Meet DALL-E 2, the robot artist using AI to make dreams a reality

Have you ever wanted to paint a portrait of your cat in the style of Rembrandt Van Rijn but just didn’t have the time? Maybe you didn’t have the oil painting skills of Rembrandt, which are pretty hard to come by. No problem, DALL-E can do it for you. You can even start with an actual photo of your cat, so the portrait is as true to form as possible.

Koala astronaut holding a can of La Croix? DALL-E can paint that. Dinosaurs dressed like chocolatiers in Belgium? That, too. Tiny airplanes delivering toothpicks to patrons at a restaurant? You guessed it. DALL-E can make that a reality.

The AI ​​can instantly create these images in any artistic style or medium, including photography. The application uses natural language to create works of art, both an impressive and mindblowing feat.

DALL-E is an artificial neural network, or a combination of AI algorithms inspired by the biological network of nodes and neurons inside our own brains and bodies. The name was derived from a combination of Wall-E, the adorable Disney PIXAR robot, and Salvator Dali, a famous surrealist painter.

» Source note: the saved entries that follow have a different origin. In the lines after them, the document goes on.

text \<open>A prefix-free program p for M whose output q satisfies [q](y) = x is itself a
  prefix-free description of x given y, for the machine p, y \<mapsto> [M(p)](y); this gives the
  upper bound. For unboundedness, the machine that on condition y outputs its own program p
  whenever y \<le> p \<le> 3y/2 (as numbers) is prefix-free. Taking y = 2^(k+1), each of the
  2^k strings x with 2^(k+1) \<le> x < 3 \<cdot> 2^k has length k + 1, so KP(x|y) \<le> k + O(1). If
  min KP(q) exceeded KP(x|y) by at most d, these strings would need 2^k distinct M-programs
  of length at most k + O(1), for every k, which the Kraft inequality forbids for the
  prefix-free domain of M.\<close>

inductive_simps eval_Z [simp]: "eval Z xs v"
inductive_simps eval_S [simp]: "eval S (x # xs) v"
inductive_simps eval_Id [simp]: "eval (Id n) xs v"
inductive_simps eval_Cn: "eval (Cn f gs) xs v"
inductive_simps eval_Pr_0 [simp]: "eval (Pr f g) (0 # xs) v"
inductive_simps eval_Pr_Suc [simp]: "eval (Pr f g) (Suc n # xs) v"
inductive_simps eval_Mn: "eval (Mn f) xs v"

lemma eval_Cn_1 [simp]: "eval (Cn f [g]) xs v \<longleftrightarrow> (\<exists>u. eval g xs u \<and> eval f [u] v)"
proof
  assume "eval (Cn f [g]) xs v"
  then obtain ys where "length ys = 1" "eval g xs (ys ! 0)" "eval f ys v"
    unfolding eval_Cn by auto
  then show "\<exists>u. eval g xs u \<and> eval f [u] v"
    by (metis One_nat_def length_0_conv length_Suc_conv nth_Cons_0)
next
  assume "\<exists>u. eval g xs u \<and> eval f [u] v"
  then obtain u where "eval g xs u" "eval f [u] v" by blast
  then show "eval (Cn f [g]) xs v"
    unfolding eval_Cn by (intro exI[of _ "[u]"]) auto
qed

lemma eval_Cn_2 [simp]:
  "eval (Cn f [g, h]) xs v \<longleftrightarrow> (\<exists>u w. eval g xs u \<and> eval h xs w \<and> eval f [u, w] v)"
proof
  assume "eval (Cn f [g, h]) xs v"
  then obtain ys where ys: "length ys = Suc (Suc 0)"
      "\<forall>i < Suc (Suc 0). eval ([g, h] ! i) xs (ys ! i)" "eval f ys v"
    unfolding eval_Cn by (simp only: length_Cons list.size(3)) blast
  from ys(2) have "eval g xs (ys ! 0)" "eval h xs (ys ! 1)" by auto
  moreover have "ys = [ys ! 0, ys ! 1]"
    using ys(1) by (cases ys; cases "tl ys") auto
  ultimately show "\<exists>u w. eval g xs u \<and> eval h xs w \<and> eval f [u, w] v"
    using ys(3) by metis
next
  assume "\<exists>u w. eval g xs u \<and> eval h xs w \<and> eval f [u, w] v"
  then obtain u w where "eval g xs u" "eval h xs w" "eval f [u, w] v" by blast
  then show "eval (Cn f [g, h]) xs v"
    unfolding eval_Cn by (intro exI[of _ "[u, w]"]) (auto simp: less_Suc_eq nth_Cons')
qed

definition rf_add :: recf where
  "rf_add = Pr (Id 0) (Cn S [Id 1])"

lemma eval_rf_add [simp]: "eval rf_add [k, x] v \<longleftrightarrow> v = k + x"
  unfolding rf_add_def by (induction k arbitrary: v) auto

definition rf_pred :: recf where
  "rf_pred = Pr Z (Id 0)"

lemma eval_rf_pred [simp]: "eval rf_pred [k] v \<longleftrightarrow> v = k - 1"
  unfolding rf_pred_def by (induction k arbitrary: v) auto

definition rf_monus :: recf where
  "rf_monus = Pr (Id 0) (Cn rf_pred [Id 1])"

lemma eval_rf_monus [simp]: "eval rf_monus [k, x] v \<longleftrightarrow> v = x - k"
  unfolding rf_monus_def by (induction k arbitrary: v) auto

text \<open>The minimisation ignores its search variable, so it halts (with value 0) exactly
  when r yields 0.\<close>
definition rf_restrict_id :: "recf \<Rightarrow> recf" where
  "rf_restrict_id r = Cn rf_add [Mn (Cn r [Id 1, Id 2]), Id 0]"

lemma eval_rf_restrict_id:
  assumes "\<And>e a v. eval r [e, a] v \<longleftrightarrow> v = g e a"
  shows "eval (rf_restrict_id r) [e, a] v \<longleftrightarrow> v = e \<and> g e a = 0"
  unfolding rf_restrict_id_def by (auto simp: eval_Mn assms)

definition rf_window_test :: recf where
  "rf_window_test = Cn rf_add [Cn rf_monus [Id 0, Id 1],
     Cn rf_monus [Cn rf_add [Id 1, Cn rf_add [Id 1, Id 1]], Cn rf_add [Id 0, Id 0]]]"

A bowl of soup that is a portal to another dimension as digital art © DALL-E 2

An astronaut riding a horse in a photorealistic style © DALL-E 2



An astronaut riding a horse in a photorealistic style © DALL-E 2

Robots vs Artists

Slow down, illustrators and digital artists. Before you chuck your Wacom tablets for greener pastures where artificial intelligence isn’t outdoing you, it’s important to mention that DALL-E does have flaws. It’s always important to remember that no matter how eerily close to human-AI may become, it can never be truly human.

To explain DALL-E’s shortcomings, let’s first unpack how it works.

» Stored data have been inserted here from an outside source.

lemma indep_vars_expectation_mult:
  fixes Y :: "'i \<Rightarrow> 'a \<Rightarrow> real"
  assumes ind: "indep_vars (\<lambda>_. borel) Y I" and "i \<in> I" "j \<in> I" "i \<noteq> j"
    and int: "integrable M (Y i)" "integrable M (Y j)"
  shows "integrable M (\<lambda>\<omega>. Y i \<omega> * Y j \<omega>)"
    and "expectation (\<lambda>\<omega>. Y i \<omega> * Y j \<omega>) = expectation (Y i) * expectation (Y j)"
proof -
  have ind2: "indep_vars (\<lambda>_. borel) Y {i, j}"
    using ind by (rule indep_vars_subset) (use assms in auto)
  have int2: "\<And>k. k \<in> {i, j} \<Longrightarrow> integrable M (Y k)"
    using int by auto
  show "integrable M (\<lambda>\<omega>. Y i \<omega> * Y j \<omega>)"
    using indep_vars_integrable[OF _ ind2 int2] \<open>i \<noteq> j\<close> by simp
  show "expectation (\<lambda>\<omega>. Y i \<omega> * Y j \<omega>) = expectation (Y i) * expectation (Y j)"
    using indep_vars_lebesgue_integral[OF _ ind2 int2] \<open>i \<noteq> j\<close> by simp
qed

lemma indep_vars_expectation_sum_square:
  fixes Y :: "'i \<Rightarrow> 'a \<Rightarrow> real"
  assumes fin: "finite I" and ind: "indep_vars (\<lambda>_. borel) Y I"
    and int: "\<And>i. i \<in> I \<Longrightarrow> integrable M (Y i)"
    and int2: "\<And>i. i \<in> I \<Longrightarrow> integrable M (\<lambda>\<omega>. (Y i \<omega>)\<^sup>2)"
    and mean: "\<And>i. i \<in> I \<Longrightarrow> expectation (Y i) = 0"
  shows "integrable M (\<lambda>\<omega>. (\<Sum>i\<in>I. Y i \<omega>)\<^sup>2)"
    and "expectation (\<lambda>\<omega>. (\<Sum>i\<in>I. Y i \<omega>)\<^sup>2) = (\<Sum>i\<in>I. expectation (\<lambda>\<omega>. (Y i \<omega>)\<^sup>2))"
proof -
  have square: "(\<Sum>i\<in>I. Y i \<omega>)\<^sup>2 = (\<Sum>i\<in>I. \<Sum>j\<in>I. Y i \<omega> * Y j \<omega>)" for \<omega>
    by (simp add: power2_eq_square sum_product)
  have int_mult: "integrable M (\<lambda>\<omega>. Y i \<omega> * Y j \<omega>)" if "i \<in> I" "j \<in> I" for i j
    using that int2[of i] indep_vars_expectation_mult(1)[OF ind that _ int[OF that(1)] int[OF that(2)]]
    by (cases "i = j") (auto simp: power2_eq_square)
  show "integrable M (\<lambda>\<omega>. (\<Sum>i\<in>I. Y i \<omega>)\<^sup>2)"
    unfolding square using int_mult by auto
  have cross: "(\<Sum>j\<in>I. expectation (\<lambda>\<omega>. Y i \<omega> * Y j \<omega>)) = expectation (\<lambda>\<omega>. (Y i \<omega>)\<^sup>2)"
    if i: "i \<in> I" for i
  proof -
    have "expectation (\<lambda>\<omega>. Y i \<omega> * Y j \<omega>) = 0" if "j \<in> I - {i}" for j
      using indep_vars_expectation_mult(2)[OF ind i, of j] that int mean i by auto
    hence "(\<Sum>j\<in>I - {i}. expectation (\<lambda>\<omega>. Y i \<omega> * Y j \<omega>)) = 0"
      by simp
    thus ?thesis
      using sum.remove[OF fin i, of "\<lambda>j. expectation (\<lambda>\<omega>. Y i \<omega> * Y j \<omega>)"] by (simp add: power2_eq_square)
  qed
  show "expectation (\<lambda>\<omega>. (\<Sum>i\<in>I. Y i \<omega>)\<^sup>2) = (\<Sum>i\<in>I. expectation (\<lambda>\<omega>. (Y i \<omega>)\<^sup>2))"
    unfolding square using int_mult cross by (simp add: Bochner_Integration.integral_sum)
qed
lemma Lminus_subset_span_insert:
  assumes m: "m \<in> Lminus c" and odd_m: "odd (bil G v m)"
  shows "Lminus c \<subseteq> zm.span (insert m (Lplus cv \<union> Lminus cv))"
proof
  fix y assume y: "y \<in> Lminus c"
  let ?S = "zm.span (insert m (Lplus cv \<union> Lminus cv))"
  define s where "s = bil G y v"
  have "even (s * (1 - bil G m v))"
    using odd_m bil_commute[OF symmetric, of m v] by simp
  then obtain k where k: "s * (1 - bil G m v) = 2 * k" ..
  \<comment> \<open>k is chosen so that w is orthogonal to v, which puts w into L_-(c_v)\<close>
  define w where "w = y - s *s m + k *s v"
  have "w \<in> Lminus c"
    unfolding w_def using y m v_Lminus by (intro Lminus_add Lminus_diff Lminus_scale)
  moreover have "bil G w v = 0"
    using k unfolding w_def s_def
    by (simp add: bil_add_left bil_diff_left bil_scale_left v_square algebra_simps)
  ultimately have "w \<in> ?S"
    using Lminus_cv_iff by (intro zm.span_base) blast
  moreover have "m \<in> ?S" and "v \<in> ?S"
    using v_Lplus_cv by (intro zm.span_base; blast)+
  ultimately have "w + s *s m - k *s v \<in> ?S"
    by (intro zm.span_add zm.span_diff zm.span_scale)
  then show "y \<in> ?S"
    unfolding w_def by simp
qed

lemma Lplus_cv_subset_span:
  assumes "m \<in> Lminus c" and "odd (bil G v m)"
  shows "Lplus cv \<subseteq> zm.span (Lplus c \<union> Lminus c)"
proof
  fix y assume y: "y \<in> Lplus cv"
  let ?S = "zm.span (Lplus c \<union> Lminus c)"
  obtain j where j: "bil G y v = 2 * j"
    using even_pairing_Lplus_cv[OF assms y] ..
  have "c y = y + bil G y v *s v"
    using y Lplus_cv_iff by blast
  then have "c (y + j *s v) = y + j *s v"
    by (simp add: c.add scale c_v j vec_eq_iff)
  then have "y + j *s v \<in> ?S"
    by (intro zm.span_base) (simp add: Lplus_def)
  moreover have "v \<in> ?S"
    using v_Lminus by (intro zm.span_base) blast
  ultimately have "(y + j *s v) - j *s v \<in> ?S"
    by (intro zm.span_diff zm.span_scale)
  then show "y \<in> ?S"
    by simp
qed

Let’s Learn About Machine Learning

DALL-E is an incredibly intelligent machine that gathers images from the massive content well of the internet and sorts them according to their labels. Since the early days of the world wide web, users labeled images intentionally through meta text and alt text or unintentionally by engaging with them and sorting them ourselves (think Pinterest).

Over the years, AI engineering firms like OpenAI have been building machines to identify and short this content. Engineers also employ legions of web users to assist in labeling images by key identifiers. Over time and through lots of machine learning, DALL-E has built a massive library of specifically labeled imagery.

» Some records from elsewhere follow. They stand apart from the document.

lemma has_mid_component_imp_isolated:
  assumes "F \<in> assignments n m k" "has_mid_component n m k F" "1 \<le> k"
  obtains S where "S \<subseteq> {0..<n}" "m < k * card S" "2 * card S \<le> n" "F \<in> isolated_assignments n m k S"
proof -
  obtain v where v: "real m / real k < real (card (component n F v))"
      "real (card (component n F v)) \<le> real n / 2"
    using assms(2) unfolding has_mid_component_def by blast
  have "real m < real (k * card (component n F v))"
    using v(1) assms(3) by (simp add: divide_less_eq mult.commute)
  moreover have "2 * card (component n F v) \<le> n" using v(2) by linarith
  moreover have "F \<in> isolated_assignments n m k (component n F v)"
    using assms(1) component_colours_disjoint unfolding isolated_assignments_def by auto
  ultimately show thesis using component_subset that by (meson of_nat_less_iff)
qed

lemma card_small_colour_union_le:
  assumes S: "S \<subseteq> {0..<n}" and mk: "m \<le> k * card S" and m: "0 < m"
  shows "real (card {F \<in> assignments n m k. 8 * card (\<Union>(F ` S)) \<le> m})
          \<le> (1/4) ^ m * real (card (assignments n m k))"
proof -
  define Ws where "Ws = {W. W \<subseteq> {0..<m} \<and> 8 * card W \<le> m}"
  define C where "C W = PiE {0..<n} (\<lambda>u. if u \<in> S then {X. X \<subseteq> W \<and> card X = k} else ksubsets m k)" for W
  have cover: "{F \<in> assignments n m k. 8 * card (\<Union>(F ` S)) \<le> m} \<subseteq> (\<Union>W\<in>Ws. C W)"
  proof
    fix F assume F: "F \<in> {F \<in> assignments n m k. 8 * card (\<Union>(F ` S)) \<le> m}"
    then have "\<Union>(F ` S) \<in> Ws" using S unfolding Ws_def assignments_def ksubsets_def by (force simp: PiE_iff)
    moreover have "F \<in> C (\<Union>(F ` S))" using F unfolding C_def assignments_def ksubsets_def by (auto simp: PiE_iff)
    ultimately show "F \<in> (\<Union>W\<in>Ws. C W)" by blast
  qed
  have Ws_Pow: "Ws \<subseteq> Pow {0..<m}" unfolding Ws_def by auto
  then have finite_Ws: "finite Ws" by (rule finite_subset) simp
  have card_Ws: "card Ws \<le> 2 ^ m"
    using card_mono[OF _ Ws_Pow] card_Pow[of "{0..<m}"] by simp
  have card_C: "real (card (C W)) \<le> (1/8) ^ m * real (card (assignments n m k))" if "W \<in> Ws" for W
  proof -
    have W: "finite W" "card W \<le> m" "8 * card W \<le> m"
      using that card_mono[of "{0..<m}" W] unfolding Ws_def by (auto intro: finite_subset)
    have binom: "real (card W choose k) \<le> (1/8) ^ k * real (m choose k)"
      using W(3) m
      by (intro order.trans[OF binomial_le_ratio_power[OF W(2) m]] mult_right_mono power_mono)
        (auto simp: field_simps)
    have "card (C W) = (card W choose k) ^ card S * (m choose k) ^ (n - card S)"
      unfolding C_def using S W(1)
      by (simp add: card_PiE_if n_subsets card_ksubsets card_Diff_subset finite_subset)
    then have "real (card (C W)) \<le> ((1/8) ^ k * real (m choose k)) ^ card S * real (m choose k) ^ (n - card S)"
      using binom by (simp add: power_mono mult_right_mono)
    also have "\<dots> = (1/8) ^ (k * card S) * real (m choose k) ^ n"
      using card_mono[OF _ S] by (simp add: power_mult_distrib power_mult flip: power_add)
    also have "\<dots> \<le> (1/8) ^ m * real (card (assignments n m k))"
      using mk by (simp add: card_assignments power_decreasing mult_right_mono)
    finally show ?thesis .
  qed
  have "real (card {F \<in> assignments n m k. 8 * card (\<Union>(F ` S)) \<le> m})
      \<le> real (card Ws) * ((1/8) ^ m * real (card (assignments n m k)))"
    by (rule card_le_cover[OF finite_Ws cover _ card_C])
      (auto simp: C_def Ws_def finite_subset finite_card_subsets finite_ksubsets intro!: finite_PiE)
  also have "\<dots> \<le> 2 ^ m * ((1/8) ^ m * real (card (assignments n m k)))"
    using card_Ws by (intro mult_right_mono) (auto simp: numeral_power_le_of_nat_cancel_iff)
  also have "\<dots> = (2 * (1/8)) ^ m * real (card (assignments n m k))"
    by (simp only: power_mult_distrib mult.assoc)
  finally show ?thesis by simp
qed

lemma card_large_colour_union_avoided_le:
  assumes S: "S \<subseteq> {0..<n}" and m: "0 < m"
  shows "real (card {F \<in> assignments n m k. m < 8 * card (\<Union>(F ` S)) \<and>
             (\<forall>w\<in>{0..<n} - S. F w \<inter> \<Union>(F ` S) = {})})
         \<le> (7/8) ^ (k * (n - card S)) * real (card (assignments n m k))"
proof -
  \<comment> \<open>Covering by the restriction of \<open>F\<close> to \<open>S\<close> rather than by the colour union avoids a
      factor \<open>2^m\<close>, which \<open>(7/8)^(k(n - |S|))\<close> could not absorb when \<open>m\<close> is much larger than \<open>n\<close>.\<close>
  define P where "P = {G \<in> S \<rightarrow>\<^sub>E ksubsets m k. m < 8 * card (\<Union>(G ` S))}"
  define C where "C G = PiE {0..<n} (\<lambda>u. if u \<in> S then {G u}
                          else {X. X \<subseteq> {0..<m} - \<Union>(G ` S) \<and> card X = k})" for G
  have cover: "{F \<in> assignments n m k. m < 8 * card (\<Union>(F ` S)) \<and>
             (\<forall>w\<in>{0..<n} - S. F w \<inter> \<Union>(F ` S) = {})} \<subseteq> (\<Union>G\<in>P. C G)"
  proof
    fix F assume F: "F \<in> {F \<in> assignments n m k. m < 8 * card (\<Union>(F ` S)) \<and>
             (\<forall>w\<in>{0..<n} - S. F w \<inter> \<Union>(F ` S) = {})}"
    have image: "restrict F S ` S = F ` S" by auto
    have "restrict F S \<in> P" unfolding P_def image using F S by (auto simp: assignments_def)
    moreover have "F \<in> C (restrict F S)"
      unfolding C_def image using F by (force simp: assignments_def ksubsets_def PiE_iff)
    ultimately show "F \<in> (\<Union>G\<in>P. C G)" by blast
  qed
  have finite_S: "finite S" using S finite_subset by blast
  have P_subset: "P \<subseteq> S \<rightarrow>\<^sub>E ksubsets m k" unfolding P_def by auto
  have finite_P: "finite P"
    using P_subset finite_S by (blast intro: finite_subset finite_PiE finite_ksubsets)
  have card_P: "card P \<le> (m choose k) ^ card S"
    using card_mono[OF _ P_subset] finite_S by (simp add: card_PiE card_ksubsets finite_PiE finite_ksubsets)
  have card_C: "real (card (C G)) \<le> (7/8) ^ (k * (n - card S)) * real (m choose k) ^ (n - card S)"
    if "G \<in> P" for G
  proof -
    let ?U = "\<Union>(G ` S)"
    have U: "?U \<subseteq> {0..<m}" "m < 8 * card ?U"
      using that unfolding P_def ksubsets_def by (auto simp: PiE_iff)
    have "card ?U \<le> m" using card_mono[OF _ U(1)] by simp
    have binom: "real ((m - card ?U) choose k) \<le> (7/8) ^ k * real (m choose k)"
      using U(2) \<open>card ?U \<le> m\<close> m
      by (intro order.trans[OF binomial_le_ratio_power[of "m - card ?U" m k]] mult_right_mono power_mono)
        (auto simp: field_simps of_nat_diff)
    have "card (C G) = ((m - card ?U) choose k) ^ (n - card S)"
      unfolding C_def using S finite_S U(1)
      by (simp add: card_PiE_if n_subsets card_Diff_subset finite_subset)
    then have "real (card (C G)) \<le> ((7/8) ^ k * real (m choose k)) ^ (n - card S)"
      using binom by (simp add: power_mono)
    then show ?thesis by (simp add: power_mult_distrib power_mult)
  qed
  have "real (card {F \<in> assignments n m k. m < 8 * card (\<Union>(F ` S)) \<and>
             (\<forall>w\<in>{0..<n} - S. F w \<inter> \<Union>(F ` S) = {})})
      \<le> real (card P) * ((7/8) ^ (k * (n - card S)) * real (m choose k) ^ (n - card S))"
    by (rule card_le_cover[OF finite_P cover _ card_C]) (auto simp: C_def finite_card_subsets intro!: finite_PiE)
  also have "\<dots> \<le> real (m choose k) ^ card S * ((7/8) ^ (k * (n - card S)) * real (m choose k) ^ (n - card S))"
    using card_P by (intro mult_right_mono) (auto simp flip: of_nat_power)
  also have "\<dots> = (7/8) ^ (k * (n - card S)) * real (card (assignments n m k))"
    using card_mono[OF _ S] by (simp add: card_assignments algebra_simps flip: power_add)
  finally show ?thesis .
qed

lemma card_isolated_assignments_le:
  assumes S: "S \<subseteq> {0..<n}" and "m < k * card S" "2 * card S \<le> n" "12 \<le> k" "n \<le> m"
  shows "real (card (isolated_assignments n m k S))
           \<le> ((1/4) ^ n + (7/8) ^ (6 * n)) * real (card (assignments n m k))"
proof -
  let ?A = "assignments n m k"
  let ?small = "{F \<in> ?A. 8 * card (\<Union>(F ` S)) \<le> m}"
  let ?avoided = "{F \<in> ?A. m < 8 * card (\<Union>(F ` S)) \<and> (\<forall>w\<in>{0..<n} - S. F w \<inter> \<Union>(F ` S) = {})}"
  have "0 < card S" using assms(2) by (cases "card S") auto
  then have m: "0 < m" using card_mono[OF _ S] assms(5) by simp
  have "isolated_assignments n m k S \<subseteq> ?small \<union> ?avoided"
    unfolding isolated_assignments_def by auto
  then have "card (isolated_assignments n m k S) \<le> card (?small \<union> ?avoided)"
    by (intro card_mono) (simp_all add: finite_assignments)
  also have "\<dots> \<le> card ?small + card ?avoided" by (rule card_Un_le)
  finally have "real (card (isolated_assignments n m k S)) \<le> real (card ?small) + real (card ?avoided)"
    by linarith
  also have "\<dots> \<le> (1/4) ^ m * real (card ?A) + (7/8) ^ (k * (n - card S)) * real (card ?A)"
    using card_small_colour_union_le[OF S _ m] card_large_colour_union_avoided_le[OF S m] assms(2)
    by (intro add_mono) simp_all
  also have "\<dots> \<le> (1/4) ^ n * real (card ?A) + (7/8) ^ (6 * n) * real (card ?A)"
  proof (intro add_mono mult_right_mono power_decreasing)
    have "6 * n \<le> 12 * (n - card S)" using assms(3) by linarith
    also have "\<dots> \<le> k * (n - card S)" using assms(4) by (rule mult_le_mono1)
    finally show "6 * n \<le> k * (n - card S)" .
  qed (use assms(5) in simp_all)
  finally show ?thesis by (simp add: algebra_simps)
qed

For example, you know without a doubt that if you google search Gwyneth Paltrow, her image will pop up. You know the same for ‘tennis’, and ‘aardvark’ google search queries, too. If you google searched ‘Gwyneth Paltrow playing tennis against an aardvark,’ it is incredibly unlikely that you will find an image that fits your vision. In a matter of nanoseconds, DALL-E gathers those three separate images and sifts through its library to find pictures of people playing tennis with each other. It then constructs an easily readable composition of a tennis match, then seamlessly swaps the players with Gwyneth Paltrow and an aardvark.

Teddy bears mixing sparkling chemicals as mad scientists as a 1990s Saturday morning cartoon © DALL-E 2



Teddy bears mixing sparkling chemicals as mad scientists as a 1990s Saturday morning cartoon © DALL-E 2

Art School for Robots

The most incredible thing about DALL-E is its ability to combine elements while still making an image that looks cohesive, readable, and creative. It can also utilize knowledge of different art styles, like creating a robot in the style of Picasso or making one person’s photo into seven different styles of a painted portrait. How is this possible?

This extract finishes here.